| Required work |
Where does the string "only" appear in the records? Copy every line that contains it.

| Dataset records |
==================================================
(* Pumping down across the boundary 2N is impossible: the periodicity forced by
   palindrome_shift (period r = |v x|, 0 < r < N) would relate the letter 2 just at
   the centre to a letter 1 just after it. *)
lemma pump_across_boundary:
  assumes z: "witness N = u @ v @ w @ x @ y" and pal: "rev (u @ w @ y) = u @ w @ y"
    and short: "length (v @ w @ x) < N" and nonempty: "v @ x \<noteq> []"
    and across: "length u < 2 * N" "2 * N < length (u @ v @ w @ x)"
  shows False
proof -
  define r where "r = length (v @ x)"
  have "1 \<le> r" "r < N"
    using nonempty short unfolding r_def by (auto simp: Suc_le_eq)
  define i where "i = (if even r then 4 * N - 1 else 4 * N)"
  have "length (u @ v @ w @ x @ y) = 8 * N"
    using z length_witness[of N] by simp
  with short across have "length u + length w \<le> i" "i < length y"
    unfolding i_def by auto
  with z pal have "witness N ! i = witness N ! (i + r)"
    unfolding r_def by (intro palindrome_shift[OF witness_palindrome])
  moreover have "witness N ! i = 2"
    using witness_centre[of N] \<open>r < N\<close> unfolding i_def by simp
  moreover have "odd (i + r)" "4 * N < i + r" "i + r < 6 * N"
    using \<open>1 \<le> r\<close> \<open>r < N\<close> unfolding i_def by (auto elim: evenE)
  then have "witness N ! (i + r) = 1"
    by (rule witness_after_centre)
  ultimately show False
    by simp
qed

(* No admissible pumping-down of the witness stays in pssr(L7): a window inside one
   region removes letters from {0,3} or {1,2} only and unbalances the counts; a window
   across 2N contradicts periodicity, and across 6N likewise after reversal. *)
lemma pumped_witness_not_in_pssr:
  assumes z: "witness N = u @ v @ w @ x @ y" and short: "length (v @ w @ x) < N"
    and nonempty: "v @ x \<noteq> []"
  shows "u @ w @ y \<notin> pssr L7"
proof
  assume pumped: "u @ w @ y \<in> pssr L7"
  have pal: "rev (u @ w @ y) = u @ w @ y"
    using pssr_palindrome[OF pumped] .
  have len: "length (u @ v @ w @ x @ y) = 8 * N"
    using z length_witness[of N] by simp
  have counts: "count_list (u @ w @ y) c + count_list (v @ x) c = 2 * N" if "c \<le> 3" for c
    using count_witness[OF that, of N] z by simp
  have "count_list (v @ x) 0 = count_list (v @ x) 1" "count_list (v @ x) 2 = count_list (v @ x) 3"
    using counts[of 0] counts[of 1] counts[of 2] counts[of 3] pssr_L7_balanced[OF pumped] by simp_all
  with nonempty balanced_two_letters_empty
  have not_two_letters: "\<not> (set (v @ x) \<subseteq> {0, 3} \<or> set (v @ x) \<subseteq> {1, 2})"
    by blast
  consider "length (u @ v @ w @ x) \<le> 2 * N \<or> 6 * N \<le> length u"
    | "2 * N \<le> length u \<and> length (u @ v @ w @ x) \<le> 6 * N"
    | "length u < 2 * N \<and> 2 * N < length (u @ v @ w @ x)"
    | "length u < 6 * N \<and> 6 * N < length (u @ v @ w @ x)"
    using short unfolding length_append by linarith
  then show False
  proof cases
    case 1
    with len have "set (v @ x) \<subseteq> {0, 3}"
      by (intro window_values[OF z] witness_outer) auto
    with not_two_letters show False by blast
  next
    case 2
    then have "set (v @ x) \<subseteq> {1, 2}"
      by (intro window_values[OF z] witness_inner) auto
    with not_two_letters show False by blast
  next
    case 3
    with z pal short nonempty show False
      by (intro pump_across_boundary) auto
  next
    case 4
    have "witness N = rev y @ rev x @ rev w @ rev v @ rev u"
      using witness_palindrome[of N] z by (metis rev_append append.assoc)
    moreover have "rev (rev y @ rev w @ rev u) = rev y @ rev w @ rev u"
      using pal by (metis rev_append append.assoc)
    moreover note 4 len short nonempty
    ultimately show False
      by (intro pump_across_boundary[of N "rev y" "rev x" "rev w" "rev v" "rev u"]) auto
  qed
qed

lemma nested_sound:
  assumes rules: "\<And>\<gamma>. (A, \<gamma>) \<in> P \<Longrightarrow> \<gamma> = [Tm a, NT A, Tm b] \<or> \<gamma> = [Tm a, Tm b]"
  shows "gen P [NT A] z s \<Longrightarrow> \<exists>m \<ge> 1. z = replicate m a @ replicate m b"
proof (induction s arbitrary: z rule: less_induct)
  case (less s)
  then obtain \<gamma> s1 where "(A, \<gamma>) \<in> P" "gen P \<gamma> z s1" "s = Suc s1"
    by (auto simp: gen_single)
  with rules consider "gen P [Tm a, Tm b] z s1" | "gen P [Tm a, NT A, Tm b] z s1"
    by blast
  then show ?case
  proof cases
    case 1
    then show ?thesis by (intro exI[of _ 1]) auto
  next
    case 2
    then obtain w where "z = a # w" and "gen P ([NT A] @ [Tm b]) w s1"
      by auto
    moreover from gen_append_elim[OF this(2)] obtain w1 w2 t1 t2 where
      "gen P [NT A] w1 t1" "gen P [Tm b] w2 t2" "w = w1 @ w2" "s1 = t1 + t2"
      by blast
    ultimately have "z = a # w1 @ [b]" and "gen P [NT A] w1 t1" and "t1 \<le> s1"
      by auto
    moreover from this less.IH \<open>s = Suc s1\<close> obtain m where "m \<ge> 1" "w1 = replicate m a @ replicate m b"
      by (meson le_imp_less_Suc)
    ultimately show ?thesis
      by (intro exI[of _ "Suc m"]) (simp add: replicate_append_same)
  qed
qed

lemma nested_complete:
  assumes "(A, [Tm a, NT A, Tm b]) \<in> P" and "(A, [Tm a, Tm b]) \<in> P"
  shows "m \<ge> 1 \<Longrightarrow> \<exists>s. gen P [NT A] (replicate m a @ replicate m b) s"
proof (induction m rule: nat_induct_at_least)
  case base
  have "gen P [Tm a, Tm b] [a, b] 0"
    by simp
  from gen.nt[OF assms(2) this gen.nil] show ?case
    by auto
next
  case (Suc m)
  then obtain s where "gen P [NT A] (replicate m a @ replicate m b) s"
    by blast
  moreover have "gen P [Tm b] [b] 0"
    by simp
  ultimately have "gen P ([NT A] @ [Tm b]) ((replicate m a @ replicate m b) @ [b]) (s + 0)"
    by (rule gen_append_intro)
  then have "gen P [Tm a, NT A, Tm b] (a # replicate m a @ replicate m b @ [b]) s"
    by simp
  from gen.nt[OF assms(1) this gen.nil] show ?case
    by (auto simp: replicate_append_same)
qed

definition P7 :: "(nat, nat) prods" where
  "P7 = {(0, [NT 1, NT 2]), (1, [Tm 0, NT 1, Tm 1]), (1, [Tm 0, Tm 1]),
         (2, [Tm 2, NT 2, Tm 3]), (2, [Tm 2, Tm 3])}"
==================================================
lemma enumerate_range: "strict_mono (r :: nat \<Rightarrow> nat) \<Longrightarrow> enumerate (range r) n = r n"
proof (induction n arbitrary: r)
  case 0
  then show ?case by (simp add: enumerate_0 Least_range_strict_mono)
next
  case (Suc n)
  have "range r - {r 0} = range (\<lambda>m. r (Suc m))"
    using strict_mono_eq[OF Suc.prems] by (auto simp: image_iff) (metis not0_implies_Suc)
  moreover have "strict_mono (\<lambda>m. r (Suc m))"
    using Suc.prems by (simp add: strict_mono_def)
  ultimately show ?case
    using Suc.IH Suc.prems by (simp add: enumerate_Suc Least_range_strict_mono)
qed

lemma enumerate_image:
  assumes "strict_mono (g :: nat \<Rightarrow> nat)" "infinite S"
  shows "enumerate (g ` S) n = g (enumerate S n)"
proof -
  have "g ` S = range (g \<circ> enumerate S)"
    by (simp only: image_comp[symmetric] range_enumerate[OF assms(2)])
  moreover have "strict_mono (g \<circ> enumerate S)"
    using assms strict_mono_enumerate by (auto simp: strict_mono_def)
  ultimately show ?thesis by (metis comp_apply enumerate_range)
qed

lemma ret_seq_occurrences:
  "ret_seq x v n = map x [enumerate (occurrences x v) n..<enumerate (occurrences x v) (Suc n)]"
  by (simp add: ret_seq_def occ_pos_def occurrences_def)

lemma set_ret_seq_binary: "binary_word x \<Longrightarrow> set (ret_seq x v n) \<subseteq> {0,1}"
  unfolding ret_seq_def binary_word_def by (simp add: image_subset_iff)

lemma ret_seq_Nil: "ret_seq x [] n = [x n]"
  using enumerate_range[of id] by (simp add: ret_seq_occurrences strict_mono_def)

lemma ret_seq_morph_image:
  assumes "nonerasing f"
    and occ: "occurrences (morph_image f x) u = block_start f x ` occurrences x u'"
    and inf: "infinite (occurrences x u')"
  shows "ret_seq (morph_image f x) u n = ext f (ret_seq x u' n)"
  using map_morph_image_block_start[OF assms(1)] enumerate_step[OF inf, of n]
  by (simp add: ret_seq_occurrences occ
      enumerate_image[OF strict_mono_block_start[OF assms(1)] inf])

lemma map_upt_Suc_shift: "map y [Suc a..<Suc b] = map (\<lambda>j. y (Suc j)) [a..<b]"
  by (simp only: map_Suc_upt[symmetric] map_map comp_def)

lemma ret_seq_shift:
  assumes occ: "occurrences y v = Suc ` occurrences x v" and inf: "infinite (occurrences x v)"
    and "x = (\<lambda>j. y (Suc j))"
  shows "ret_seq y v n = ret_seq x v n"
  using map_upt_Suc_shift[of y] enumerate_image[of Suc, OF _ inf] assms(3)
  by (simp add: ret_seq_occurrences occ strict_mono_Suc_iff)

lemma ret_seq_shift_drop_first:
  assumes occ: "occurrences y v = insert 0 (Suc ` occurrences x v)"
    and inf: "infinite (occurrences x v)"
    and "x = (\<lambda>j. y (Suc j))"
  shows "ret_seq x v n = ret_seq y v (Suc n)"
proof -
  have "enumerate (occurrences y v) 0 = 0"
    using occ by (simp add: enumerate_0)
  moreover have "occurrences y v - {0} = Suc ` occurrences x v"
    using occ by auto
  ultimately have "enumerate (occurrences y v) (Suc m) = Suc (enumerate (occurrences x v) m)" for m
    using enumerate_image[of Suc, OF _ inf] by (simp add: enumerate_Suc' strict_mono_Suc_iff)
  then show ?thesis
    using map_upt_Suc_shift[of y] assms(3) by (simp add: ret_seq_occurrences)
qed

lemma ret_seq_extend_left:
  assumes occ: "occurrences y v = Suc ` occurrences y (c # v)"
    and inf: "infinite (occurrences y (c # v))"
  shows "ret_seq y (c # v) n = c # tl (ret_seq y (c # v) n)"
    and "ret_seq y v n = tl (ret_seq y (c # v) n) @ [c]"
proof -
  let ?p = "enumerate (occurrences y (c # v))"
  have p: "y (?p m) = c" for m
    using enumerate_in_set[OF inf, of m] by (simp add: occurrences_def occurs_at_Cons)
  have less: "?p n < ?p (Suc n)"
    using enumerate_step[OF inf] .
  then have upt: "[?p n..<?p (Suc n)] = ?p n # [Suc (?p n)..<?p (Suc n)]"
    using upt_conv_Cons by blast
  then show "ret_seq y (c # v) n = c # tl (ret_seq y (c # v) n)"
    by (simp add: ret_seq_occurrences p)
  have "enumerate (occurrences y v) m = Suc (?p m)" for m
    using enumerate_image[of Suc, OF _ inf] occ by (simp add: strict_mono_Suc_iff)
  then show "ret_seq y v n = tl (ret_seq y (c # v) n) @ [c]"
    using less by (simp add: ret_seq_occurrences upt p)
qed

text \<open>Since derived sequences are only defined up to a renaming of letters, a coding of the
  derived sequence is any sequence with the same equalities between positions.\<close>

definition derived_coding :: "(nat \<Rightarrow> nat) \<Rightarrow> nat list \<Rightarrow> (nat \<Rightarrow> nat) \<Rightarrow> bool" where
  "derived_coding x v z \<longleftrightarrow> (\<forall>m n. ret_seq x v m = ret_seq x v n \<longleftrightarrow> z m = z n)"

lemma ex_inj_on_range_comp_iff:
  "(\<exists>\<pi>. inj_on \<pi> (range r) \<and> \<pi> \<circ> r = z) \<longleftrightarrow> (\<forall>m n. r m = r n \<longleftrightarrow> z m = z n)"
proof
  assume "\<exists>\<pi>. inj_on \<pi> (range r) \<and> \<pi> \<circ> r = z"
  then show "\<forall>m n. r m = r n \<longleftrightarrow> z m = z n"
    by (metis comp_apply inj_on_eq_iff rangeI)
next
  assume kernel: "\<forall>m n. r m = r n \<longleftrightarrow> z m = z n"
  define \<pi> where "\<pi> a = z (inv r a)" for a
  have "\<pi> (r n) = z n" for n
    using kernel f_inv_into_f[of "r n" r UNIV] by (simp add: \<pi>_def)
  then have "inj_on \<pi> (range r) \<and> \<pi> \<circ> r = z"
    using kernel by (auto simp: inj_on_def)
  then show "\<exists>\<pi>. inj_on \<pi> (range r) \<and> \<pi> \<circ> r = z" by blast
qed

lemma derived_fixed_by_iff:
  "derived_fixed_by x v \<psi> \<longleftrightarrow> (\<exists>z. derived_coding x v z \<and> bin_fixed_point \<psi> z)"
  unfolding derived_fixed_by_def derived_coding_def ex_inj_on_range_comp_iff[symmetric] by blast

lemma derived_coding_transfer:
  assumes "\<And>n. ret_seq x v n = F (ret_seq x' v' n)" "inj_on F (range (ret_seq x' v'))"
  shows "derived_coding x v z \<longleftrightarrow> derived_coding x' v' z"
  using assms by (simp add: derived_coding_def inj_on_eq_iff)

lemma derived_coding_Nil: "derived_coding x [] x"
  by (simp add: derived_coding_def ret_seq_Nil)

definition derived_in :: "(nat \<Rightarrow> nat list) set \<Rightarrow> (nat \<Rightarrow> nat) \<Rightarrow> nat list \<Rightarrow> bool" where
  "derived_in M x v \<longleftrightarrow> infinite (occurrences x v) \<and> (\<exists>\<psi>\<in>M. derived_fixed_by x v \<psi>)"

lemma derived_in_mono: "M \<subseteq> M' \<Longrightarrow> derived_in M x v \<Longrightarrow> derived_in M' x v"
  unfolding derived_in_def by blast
==================================================
| Task response |
   region removes letters from {0,3} or {1,2} only and unbalances the counts; a window
    by (simp only: image_comp[symmetric] range_enumerate[OF assms(2)])
  by (simp only: map_Suc_upt[symmetric] map_map comp_def)
text \<open>Since derived sequences are only defined up to a renaming of letters, a coding of the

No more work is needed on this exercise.